Les tortues femelles accumulent ces contaminants sur leurs sites d’alimentation, explique van de Merwe.
« Au fur et à mesure que les œufs se développent en elle, ils absorbent les contaminants qu’elle a accumulés et les séquestrent dans le foie des embryons, où ils peuvent rester des années après l’éclosion », explique-t-il.
Sur l’île Heron, l’étude a révélé des rapports de masculinité variables entre les différentes couvées, mais la plupart des nids donnaient principalement des nouveau-nés femelles, rapportent les chercheurs.
Et le degré de prédominance des femelles dans chaque nid a montré une association avec les niveaux de xénoestrogènes chez les nouveau-nés, ont-ils découvert : des niveaux de polluants plus élevés dans le foie des nouveau-nés étaient corrélés à une plus grande prédominance des femelles dans leur nid.
Des recherches supplémentaires sont encore nécessaires pour déterminer si ces polluants contribuent aux différences de sex-ratio, mais cette association suscite déjà des inquiétudes, selon les chercheurs, compte tenu de la pénurie actuelle de nouveau-nés mâles et de l’éventail d’autres dangers auxquels sont confrontées les tortues marines.
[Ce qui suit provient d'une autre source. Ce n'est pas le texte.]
theorem lemma2p4:
  fixes C :: "'u set \<Rightarrow> ('s::monoid_mult \<Rightarrow> 'u \<Rightarrow> 'u) \<Rightarrow> bool"
  assumes "act_class C"
    and "closed_subacts C"
    and "closed_products TYPE('i) C"
  shows
    "(\<forall>(A::'u set) act (B::'b set) act' f.
        rad_class C A act \<and> is_act B act' \<and> act_hom A act B act' f \<and> f ` A = B
        \<longrightarrow> rad_class C B act')
   \<and> (\<forall>(X::'u set) act (\<A>::'u set set).
        is_act X act \<and> (\<forall>Y\<in>\<A>. is_subact Y X act \<and> rad_class C Y act) \<and>
        (\<forall>Y\<in>\<A>. \<forall>Z\<in>\<A>. Y \<subseteq> Z \<or> Z \<subseteq> Y)
        \<longrightarrow> rad_class C (\<Union>\<A>) act)
   \<and> (\<forall>(A::'u set) act \<chi>.
        is_act A act \<and> rees_cong A act \<chi> \<and>
        (\<forall>X\<in>Sigma_cls A act \<chi>. rad_class C X act) \<and>
        rad_class C (A // \<chi>) (quot_act act \<chi>)
        \<longrightarrow> rad_class C A act)"
proof (intro conjI allI impI; elim conjE)
  show "rad_class C B act'"
    if "rad_class C A act" "is_act B act'" "act_hom A act B act' f" "f ` A = B"
    for A :: "'u set" and act and B :: "'b set" and act' f
    using that by (rule rad_class_hom_image)
  show "rad_class C (\<Union>\<A>) act"
    if "is_act X act" "\<forall>Y\<in>\<A>. is_subact Y X act \<and> rad_class C Y act"
      "\<forall>Y\<in>\<A>. \<forall>Z\<in>\<A>. Y \<subseteq> Z \<or> Z \<subseteq> Y"
    for X :: "'u set" and act \<A>
    using rad_class_Union_chain[OF assms(2) that(1)] that(2,3) unfolding chain_subset_def by blast
  show "rad_class C A act"
    if "is_act A act" "rees_cong A act \<chi>" "\<forall>X\<in>Sigma_cls A act \<chi>. rad_class C X act"
      "rad_class C (A // \<chi>) (quot_act act \<chi>)"
    for A :: "'u set" and act \<chi>
    using rad_class_Rees_extension[OF assms(2) that(1,2)] that(3,4) by blast
qed

end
« À mesure que le rapport des sexes se rapproche de 100 pour cent de femelles, il devient de plus en plus difficile pour les tortues femelles adultes de trouver un partenaire, ce qui est particulièrement important face au changement climatique qui rend déjà les plages de nidification plus chaudes et plus favorables aux femelles », explique Barraza. .
En plus de réduire les émissions de gaz à effet de serre, cette recherche suggère qu’un meilleur contrôle de certains polluants œstrogéniques pourrait offrir un autre moyen d’atténuer le déclin des nouveau-nés mâles.
« Déterminer quels composés spécifiques peuvent modifier les rapports de masculinité des nouveau-nés est important pour développer des stratégies visant à empêcher les polluants de féminiser davantage les populations de tortues marines », explique van de Merwe.
« Étant donné que la plupart des métaux lourds proviennent d’activités humaines telles que l’exploitation minière, le ruissellement et la pollution provenant des déchets urbains en général », ajoute-t-il, « la meilleure façon d’avancer est d’utiliser des stratégies à long terme fondées sur la science pour réduire la quantité de polluants entrant dans notre planète ». océans. »
L’étude a été publiée dans Frontiers in Marine Science.